Denn die wirtschaftlichen Perspektiven wachsen nicht mehr für alle Kreuzfahrtreeder derart in die Höhe wie die Aufbauten neuer und größerer Ferienschiffe. TUI feierte Anfang der Woche den Baubeginn für das fünfte Mitglied der „Mein Schiff“-Flotte, Aida erwartet mit der „Aida Prima“ das elfte Schiff. Doch je mehr Ozeanriesen von Konzernen wie Carnival, dem Mutterkonzern von Costa und Aida, oder Royal Caribbean, dem Partner der TUI auf der „Mein Schiff“Flotte, auf die Meere geschickt werden, desto schwieriger wird die Lage für Kleinstreedereien, die oft nur mit einem Schiff unterwegs sind. Passagiere sind nur schwer davon zu überzeugen, an Bord eines Schiffs zu gehen, das aufgrund seines Alters keine Balkone und kleine Kabinengrundrisse hat, wenn es die Seereise auch in einer größeren, neueren und möglicherweise schöneren Version gibt. Der Boom der Kreuzfahrten schafft nicht mehr nur Gewinner, sondern mittlerweile auch reihenweise Verlierer.

Die „Deutschland“ ist hierzulande der bekannteste, aber keineswegs der einzige Verlierer. Auch der Eigner des 1987 gebauten Schiffs „Astor“ hat Insolvenz angemeldet. Der Anbieter Ambiente Kreuzfahrten, der zum Unternehmensgeflecht der SPD gehörte, hat in diesem Jahr den Betrieb eingestellt. Und zum Wochenbeginn wurde bekannt, dass das Schiff „Delphin“ nicht mehr für Passat-Kreuzfahrten auf Tour geht, auch dieses Unternehmen ist insolvent – und hat den Betrieb eingestellt.

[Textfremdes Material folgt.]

(* For every normal-form term $E$ (in $\eta$-long form) and every ground type $t$: $\cdot\vdash E : t$ (declarative typing in the empty environment) holds if and only if $\cdot\vdash E\Leftarrow t$ (concrete algorithmic checking in the empty environment) holds.
   Context: Fix a set of type constructors, each with a fixed arity, and an infinite set of type variables. Base types are $B ::= \tau \mid C\,B_1\ldots B_k$; ground base types $b$ contain no type variables. Types are $T ::= B\mid B\to T$; ground types $t ::= b \mid b\to t$. A polytype is $\forall\tau_1\ldots\tau_n.T$. A component library $\Lambda$ is a finite map from component names $c$ to polytypes; the arity of $c$ is the number of arrows in $\Lambda(c)$. Substitutions $\sigma$ map type variables to base types (identity elsewhere). A bottom type $\bot$ is added; $\mathbf{B}_\bot$ = base types $\cup\{\bot\}$. $T'\sqsubseteq T$ iff $T'=\sigma T$ for some $\sigma$; $\bot\sqsubseteq B$ for all $B$; $\equiv$ is mutual $\sqsubseteq$. The bottom substitution $\sigma_\bot$ sends every type to $\bot$, and every substitution maps $\bot$ to $\bot$. $\mathrm{mgu}$ denotes the most general (simultaneous) unifier of a sequence of pairs of types, which is $\sigma_\bot$ if no proper unifier exists and the identity for the empty sequence. $\mathrm{fresh}(\forall\bar\tau.T)$ renames $\bar\tau$ to fresh variables. Type transformer: if $\mathrm{fresh}(\Lambda(c))=B'_1\to\cdots\to B'_m\to B'$ then $[\![c]\!](B_1,\ldots,B_m)=\sigma B'$ with $\sigma=\mathrm{mgu}(B_1,B'_1;\ldots;B_m,B'_m)$. Terms (in $\eta$-long form): application terms $e ::= x \mid c(e_1,\ldots,e_m)$ with $m$ the arity of $c$; normal-form terms $E ::= e\mid \lambda x.E$. A typing environment $\Gamma$ maps variables to ground base types. Declarative typing $\Gamma\vdash E:t$ ($t$ ground): (Var) if $\Gamma(x)=b$ then $\Gamma\vdash x:b$; (App) if $\Lambda(c)=\forall\bar\tau.T$, $\sigma T=b_1\to\cdots\to b_m\to b$ is ground and $\Gamma\vdash e_i:b_i$ for all $i$, then $\Gamma\vdash c(e_1,\ldots,e_m):b$; (Fun) if $\Gamma,x{:}b\vdash E:t$ then $\Gamma\vdash\lambda x.E : b\to t$. Concrete algorithmic inference $\Gamma\vdash e\Rightarrow B$: if $\Gamma(x)=b$ then $\Gamma\vdash x\Rightarrow b$; if $\Gamma\vdash e_i\Rightarrow B_i$ for all $i$ then $\Gamma\vdash c(e_1,\ldots,e_m)\Rightarrow [\![c]\!](B_1,\ldots,B_m)$. Concrete algorithmic checking $\Gamma\vdash E\Leftarrow t$: if $\Gamma,x{:}b\vdash E\Leftarrow t$ then $\Gamma\vdash\lambda x.E\Leftarrow b\to t$; if $\Gamma\vdash e\Rightarrow B$ and $b\sqsubseteq B$ then $\Gamma\vdash e\Leftarrow b$. *)

theory Defs
  imports Main
begin

datatype ('c, 'v) btype = TVar 'v | TCon 'c "('c, 'v) btype list"

datatype ('c, 'v) ty = TB "('c, 'v) btype" | Arr "('c, 'v) btype" "('c, 'v) ty"

datatype 'a botext = BBot | BTy 'a

fun wf_b :: "('c \<Rightarrow> nat) \<Rightarrow> ('c, 'v) btype \<Rightarrow> bool" where
  "wf_b ar (TVar v) = True"
| "wf_b ar (TCon c Bs) = (length Bs = ar c \<and> (\<forall>B\<in>set Bs. wf_b ar B))"

fun wf_t :: "('c \<Rightarrow> nat) \<Rightarrow> ('c, 'v) ty \<Rightarrow> bool" where
  "wf_t ar (TB B) = wf_b ar B"
| "wf_t ar (Arr B T) = (wf_b ar B \<and> wf_t ar T)"

fun tvars_b :: "('c, 'v) btype \<Rightarrow> 'v set" where
  "tvars_b (TVar v) = {v}"
| "tvars_b (TCon c Bs) = (\<Union>B\<in>set Bs. tvars_b B)"

fun tvars_t :: "('c, 'v) ty \<Rightarrow> 'v set" where
  "tvars_t (TB B) = tvars_b B"
| "tvars_t (Arr B T) = tvars_b B \<union> tvars_t T"

fun tvars_bot :: "('c, 'v) btype botext \<Rightarrow> 'v set" where
  "tvars_bot BBot = {}"
| "tvars_bot (BTy B) = tvars_b B"

definition ground_b :: "('c, 'v) btype \<Rightarrow> bool" where
  "ground_b B \<longleftrightarrow> tvars_b B = {}"

definition ground_t :: "('c, 'v) ty \<Rightarrow> bool" where
  "ground_t T \<longleftrightarrow> tvars_t T = {}"

fun args_of :: "('c, 'v) ty \<Rightarrow> ('c, 'v) btype list" where
  "args_of (TB B) = []"
| "args_of (Arr B T) = B # args_of T"

fun res_of :: "('c, 'v) ty \<Rightarrow> ('c, 'v) btype" where
  "res_of (TB B) = B"
| "res_of (Arr B T) = res_of T"

fun subst_b :: "('v \<Rightarrow> ('c, 'v) btype) \<Rightarrow> ('c, 'v) btype \<Rightarrow> ('c, 'v) btype" where
  "subst_b \<sigma> (TVar v) = \<sigma> v"
| "subst_b \<sigma> (TCon c Bs) = TCon c (map (subst_b \<sigma>) Bs)"

fun subst_t :: "('v \<Rightarrow> ('c, 'v) btype) \<Rightarrow> ('c, 'v) ty \<Rightarrow> ('c, 'v) ty" where
  "subst_t \<sigma> (TB B) = TB (subst_b \<sigma> B)"
| "subst_t \<sigma> (Arr B T) = Arr (subst_b \<sigma> B) (subst_t \<sigma> T)"

fun subst_bot :: "('v \<Rightarrow> ('c, 'v) btype) \<Rightarrow> ('c, 'v) btype botext \<Rightarrow> ('c, 'v) btype botext" where
  "subst_bot \<sigma> BBot = BBot"
| "subst_bot \<sigma> (BTy B) = BTy (subst_b \<sigma> B)"

definition wf_subst :: "('c \<Rightarrow> nat) \<Rightarrow> ('v \<Rightarrow> ('c, 'v) btype) \<Rightarrow> bool" where
  "wf_subst ar \<sigma> \<longleftrightarrow> (\<forall>v. wf_b ar (\<sigma> v))"

definition inst_le :: "('c \<Rightarrow> nat) \<Rightarrow> ('c, 'v) btype botext \<Rightarrow> ('c, 'v) btype botext \<Rightarrow> bool" where
  "inst_le ar X' X \<longleftrightarrow> X' = BBot \<or> (\<exists>\<sigma>. wf_subst ar \<sigma> \<and> X' = subst_bot \<sigma> X)"
(* For all level expressions $l_1, l_2$: $l_1 \simeq l_2$ if and only if $[\![ l_1 ]\!]_\sigma = [\![ l_2 ]\!]_\sigma$ for every function $\sigma : \mathcal{I} \to \mathbb{N}$.
   Context: Level expressions are generated by the grammar $l ::= i \mid \mathtt{z} \mid \mathtt{s}\,l \mid l \sqcup l'$, where $i$ ranges over an infinite set $\mathcal{I}$ of level variables. The relation $\simeq$ is the smallest congruence on level expressions (reflexive, symmetric, transitive, closed under the constructors $\mathtt{s}$ and $\sqcup$, and closed under substitution of level expressions for level variables) containing the equations $i_1 \sqcup (i_2 \sqcup i_3) \approx (i_1 \sqcup i_2) \sqcup i_3$, $i_1 \sqcup i_2 \approx i_2 \sqcup i_1$, $\mathtt{s}\,(i_1 \sqcup i_2) \approx \mathtt{s}\,i_1 \sqcup \mathtt{s}\,i_2$, $i \sqcup \mathtt{s}\,i \approx \mathtt{s}\,i$, $i \sqcup \mathtt{z} \approx i$, $i \sqcup i \approx i$ (for level variables $i, i_1, i_2, i_3$). Given $\sigma : \mathcal{I} \to \mathbb{N}$, the interpretation $[\![ l ]\!]_\sigma \in \mathbb{N}$ is defined by $[\![ i ]\!]_\sigma = \sigma(i)$, $[\![ \mathtt{z} ]\!]_\sigma = 0$, $[\![ \mathtt{s}\,l ]\!]_\sigma = [\![ l ]\!]_\sigma + 1$, $[\![ l \sqcup l' ]\!]_\sigma = \max([\![ l ]\!]_\sigma, [\![ l' ]\!]_\sigma)$. *)

theory Defs
  imports Main
begin

datatype 'i lvl = Var 'i | Z | S "'i lvl" | Max "'i lvl" "'i lvl"

primrec lsubst :: "('i \<Rightarrow> 'i lvl) \<Rightarrow> 'i lvl \<Rightarrow> 'i lvl" where
  "lsubst f (Var i) = f i"
| "lsubst f Z = Z"
| "lsubst f (S l) = S (lsubst f l)"
| "lsubst f (Max l l') = Max (lsubst f l) (lsubst f l')"
theorem lemma14:
  fixes n :: nat
    and J Jinv :: "('i::finite) tensor2"
    and T :: "'i tensor4"
  assumes dim: "CARD('i) = 2 * n" and n2: "n \<ge> 2"
    and Jskew: "skew2 J" and Jnd: "nondegenerate J"
    and Jinv: "is_inverse J Jinv"
    and Tsym: "skew_pairs T"
    and Tbianchi: "\<exists>\<psi> :: 'i tensor2.
                     alt3 T = alt3 (\<lambda>a b c d. J a b * \<psi> c d)"
  shows "\<exists>!(\<rho>, \<tau>, X). \<comment> \<open>types: 'i tensor2, 'i tensor2, 'i tensor4\<close>
           skew2 (\<tau> :: 'i tensor2) \<and>
           skew_pairs (X :: 'i tensor4) \<and>
           alt3 X = (\<lambda>a b c d. 0) \<and>
           (\<forall>c d. (\<Sum>a\<in>UNIV. \<Sum>b\<in>UNIV. Jinv a b * X a b c d) = 0) \<and>
           (\<forall>a b c d. T a b c d =
               X a b c d
               + (J c a * \<rho> b d - J c b * \<rho> a d) / 2
               - (J d a * \<rho> b c - J d b * \<rho> a c) / 2
               - J c d * alt2 (\<rho> :: 'i tensor2) a b
               + J a b * \<tau> c d)"
proof -
  interpret symplectic_form J Jinv
    using Jskew Jinv unfolding skew2_def is_inverse_def by unfold_locales blast+
  obtain \<psi> where \<psi>: "alt3 T = alt3 (\<lambda>a b c d. J a b * \<psi> c d)"
    using Tbianchi by blast
  have N: "CARD('i) \<noteq> 2" using dim n2 by simp
  define u where "u = (\<lambda>c d. contract Jinv (\<lambda>a b. T a b c d) + real CARD('i) * alt2 \<psi> c d)"
  define \<rho>\<^sub>0 where "\<rho>\<^sub>0 = (\<lambda>c d. (\<psi> c d + \<psi> d c) / 2 + J_shift_inv u c d)"
  have "skew2 u"
    unfolding u_def by (intro skew2_add skew2_mult skew2_alt2 skew2_contract_last_pair Tsym)
  then have unique: "is_decomposition J Jinv T \<rho> \<tau> X \<longleftrightarrow>
      (\<rho>, \<tau>, X) = (\<rho>\<^sub>0, \<lambda>c d. \<psi> c d - \<rho>\<^sub>0 c d,
                   \<lambda>a b c d. T a b c d - symplectic_part J \<rho>\<^sub>0 (\<lambda>c d. \<psi> c d - \<rho>\<^sub>0 c d) a b c d)"
    for \<rho> \<tau> X
    using skew_diff_alt2_iff[OF skew2_J_shift_inv, of u \<psi> \<rho>]
    unfolding is_decomposition_iff[OF N Tsym \<psi>] J_shift_eq_iff u_def[symmetric] \<rho>\<^sub>0_def
    by auto
  have "\<exists>!(\<rho>, \<tau>, X). is_decomposition J Jinv T \<rho> \<tau> X"
    using unique by (intro ex1I[where a = "(\<rho>\<^sub>0, _, _)"]) auto
  then show ?thesis
    unfolding is_decomposition_def symplectic_part_def contract_def
    by (simp only: add.assoc[symmetric] add_diff_eq)
qed

end
(* Suppose Assumption (A) holds. Let $f\in L_2^0(\Theta^K,\boldsymbol\mu_{\mathrm W})$ with $\|f\|_{L_2(\Theta^K,\boldsymbol\mu_{\mathrm W})}=1$, and denote by $\mathbb V_{\boldsymbol\mu_{\mathrm W}}[f]$ and $\mathbb V_{\boldsymbol\mu_\sigma}[f]$ the variances of $f$ under $\boldsymbol\mu_{\mathrm W}$ and $\boldsymbol\mu_\sigma$, $\sigma\in S_K$. Then $$0<\frac{\Lambda_m}{2-\Lambda_m}\le\frac{1}{|S_K|}\sum_{\sigma\in S_K}\mathbb V_{\boldsymbol\mu_\sigma}[f]\le\mathbb V_{\boldsymbol\mu_{\mathrm W}}[f]=1,$$ where $\Lambda_m=\min_{\sigma,\rho\in S_K}\Lambda_{\sigma,\rho}$.
   Context: Setting: $\Theta$ is a separable Banach space with Borel $\sigma$-algebra, $\mu_{\mathrm{pr}}$ a probability measure on $\Theta$, $\Phi:\Theta\to\mathbb R$ measurable; temperatures $1=T_1<\dots<T_K\le\infty$; $\mu_k$ has $\mu_{\mathrm{pr}}$-density $\pi_k=e^{-\Phi/T_k}/Z_k$, $Z_k=\int e^{-\Phi/T_k}d\mu_{\mathrm{pr}}$ ($\mu_K=\mu_{\mathrm{pr}}$ if $T_K=\infty$). $S_K$ is a set of permutations of $\{1,\dots,K\}$ closed under inversion; for $\sigma\in S_K$, $\boldsymbol\mu_\sigma=\mu_{\sigma(1)}\times\dots\times\mu_{\sigma(K)}$ has density $\boldsymbol\pi_\sigma(\boldsymbol\theta)=\prod_k\pi_{\sigma(k)}(\theta_k)$ with respect to $\boldsymbol\mu_{\mathrm{pr}}=\mu_{\mathrm{pr}}^{\times K}$, and $\boldsymbol\mu_{\mathrm W}=\frac{1}{|S_K|}\sum_{\sigma\in S_K}\boldsymbol\mu_\sigma$. $L_2^0(\Theta^K,\boldsymbol\mu_{\mathrm W})$ is the set of $f\in L_2(\Theta^K,\boldsymbol\mu_{\mathrm W})$ with $\int f\,d\boldsymbol\mu_{\mathrm W}=0$. For $k=1,\dots,K$, $p_k$ is a Markov kernel on $\Theta$ generating an aperiodic, $\mu_k$-irreducible chain with invariant measure $\mu_k$, with Markov operator $P_k$. Assumption (A): (C1) each $p_k$ is $\mu_k$-reversible; (C2) each $P_k$ has an $L_2(\Theta,\mu_k)$-spectral gap, i.e. $\|P_k\|_{L_2^0(\mu_k)\to L_2^0(\mu_k)}<1$; (C3) for all $\sigma,\rho\in S_K$, $\Lambda_{\sigma,\rho}:=\int_{\Theta^K}\min\{\boldsymbol\pi_\sigma,\boldsymbol\pi_\rho\}\,d\boldsymbol\mu_{\mathrm{pr}}>0$. *)

theory Defs
  imports "HOL-Probability.Probability"
begin
lemma mds_dual_weight_ge:
  fixes C :: "('a::{finite,field} ^ 'n::finite) set"
  assumes mds: "is_MDS C" and y: "y \<in> dual_code C" "y \<noteq> 0"
  shows "vec.dim C + 1 \<le> wt y"
proof (rule ccontr)
  assume "\<not> vec.dim C + 1 \<le> wt y"
  then obtain K where K: "supp y \<subseteq> K" "card K = vec.dim C"
    using exists_subset_between[of "supp y" "vec.dim C" UNIV] dim_subset_UNIV_cart_gen[of C]
    unfolding wt_def by auto
  obtain a where a: "y $ a \<noteq> 0" using y(2) by (metis vec_eq_iff zero_index)
  then have "a \<in> K" using K(1) unfolding supp_def by auto
  obtain x where x: "x \<in> C" "\<forall>i\<in>K. x $ i = (if i = a then 1 else 0)"
    using mds_interpolation[OF mds K(2), where f = "\<lambda>i. if i = a then 1 else 0"] by blast
  have "dotp x y = (\<Sum>i\<in>K. x $ i * y $ i)" using K(1) by (rule dotp_supp_subset)
  also have "\<dots> = (\<Sum>i\<in>K. if i = a then y $ a else 0)" using x(2) by (intro sum.cong) auto
  also have "\<dots> = y $ a" using \<open>a \<in> K\<close> by simp
  finally show False using x(1) y(1) a unfolding dual_code_def by auto
qed

lemma dual_code_word_weight_le:
  fixes C :: "('a::{finite,field} ^ 'n::finite) set"
  assumes sub: "vec.subspace C" and less: "vec.dim C < CARD('n)"
  obtains y where "y \<in> dual_code C" "y \<noteq> 0" "wt y \<le> vec.dim C + 1"
proof -
  obtain B where B: "B \<subseteq> C" "vec.independent B" "C \<subseteq> vec.span B" "card B = vec.dim C"
    using vec.basis_exists by blast
  obtain T :: "'n set" where T: "card T = vec.dim C + 1"
    using ex_card[of "vec.dim C + 1" "UNIV :: 'n set"] less by auto
  have "finite B" using B(2) vec.independent_bound_general by blast
  moreover have "card B < card T" using B(4) T by simp
  ultimately obtain w where w: "\<forall>i. i \<notin> T \<longrightarrow> w i = 0" "\<exists>i\<in>T. w i \<noteq> 0"
    "\<forall>b\<in>B. (\<Sum>i\<in>T. b $ i * w i) = 0"
    by (rule homogeneous_system_nontrivial_solution[OF finite])
  define y where "y = (\<chi> i. w i)"
  have supp: "supp y \<subseteq> T" using w(1) unfolding supp_def y_def by auto
  show thesis
  proof
    have "\<forall>b\<in>B. dotp b y = 0" using w(3) dotp_supp_subset[OF supp] by (simp add: y_def)
    then show "y \<in> dual_code C" using dual_code_span vec.span_subspace[OF B(1,3) sub] by blast
    show "y \<noteq> 0" using w(2) unfolding y_def by (metis vec_lambda_beta zero_index)
    show "wt y \<le> vec.dim C + 1" using card_mono[OF _ supp] T unfolding wt_def by simp
  qed
qed

lemma mds_dim_less:
  fixes C :: "('a::{finite,field} ^ 'n::finite) set"
  assumes mds: "is_MDS C" and no_full: "\<forall>x\<in>C. wt x \<noteq> CARD('n)"
  shows "vec.dim C < CARD('n)"
proof (rule ccontr)
  assume "\<not> vec.dim C < CARD('n)"
  then have "card (UNIV :: 'n set) = vec.dim C" using dim_subset_UNIV_cart_gen[of C] by simp
  then obtain x where "x \<in> C" "\<forall>i. x $ i = 1"
    using mds_interpolation[OF mds, where K = UNIV and f = "\<lambda>_. 1"] by auto
  moreover from this have "wt x = CARD('n)" unfolding wt_def supp_def by simp
  ultimately show False using no_full by blast
qed
theorem theorem3:
  fixes d k :: nat and p :: real
  assumes "d \<ge> 2" and "k \<ge> 1" and "0 \<le> p" and "p \<le> 1 / real d"
  shows "perc_event d k \<inter> space (perc d k p (q_c d k p)) \<in> sets (perc d k p (q_c d k p))
     \<and> measure (perc d k p (q_c d k p)) (perc_event d k \<inter> space (perc d k p (q_c d k p))) = 0"
proof -
  have p1: "p \<le> 1" by (rule p_le_1[OF assms])
  have d: "1 \<le> d" using assms(1) by simp
  let ?q = "q_c d k p"
  have q: "0 \<le> ?q" "?q \<le> 1" using q_c_bounds[OF assms(3) p1 assms(2) d] by auto
  have "perc_prob d k p ?q = 0"
  proof (rule ccontr)
    assume "perc_prob d k p ?q \<noteq> 0"
    then have pos: "0 < perc_prob d k p ?q" by (simp add: zero_less_measure_iff)
    show False
    proof (cases "?q = 0")
      case True
      then show False using pos perc_prob_q0[OF assms] by simp
    next
      case False
      then obtain q' where "0 \<le> q'" "q' < ?q" "0 < perc_prob d k p q'"
        using perc_prob_pos_smaller_q[OF assms(1,2,3) p1 _ q(2) pos] q by auto
      then show False using q_c_le[OF assms(3) p1 assms(2) d, of q'] q by simp
    qed
  qed
  then show ?thesis using sets_perc_event[OF assms(3) p1 q assms(2) d] by simp
qed

end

So weit soll es für die „Deutschland“ nicht kommen. Insolvenzverwalter Schmid-Sperber ist nach eigenen Worten daran gelegen, außer einem hohen Verkaufspreis „möglichst viele Arbeitsplätze auf dem Schiff und bei der Reederei zu erhalten“. Ein Investor, der den Dampfer und die für die Vermarktung zuständige Reederei Peter Deilmann im Paket übernimmt, erscheint als Ideallösung. Doch auch ein Verkauf des Schiffs und ein Ende der Reederei ist nicht ausgeschlossen. Schließlich sollen die Zeichner einer Traumschiff-Anleihe, die dem Schiff 50 Millionen Euro Kapital geliehen hatten, möglichst viel von ihrem Geld wiedersehen. Mancher von denen dürfte mit Schrecken vernommen haben, dass der Finanzinvestor Callista, der Schiff und Reederei 2012 vom Investor Aurelius übernahm und zuletzt in die Insolvenz lenkte, schon ein Angebot abgegeben hat – angeblich in zweistelliger Millionenhöhe.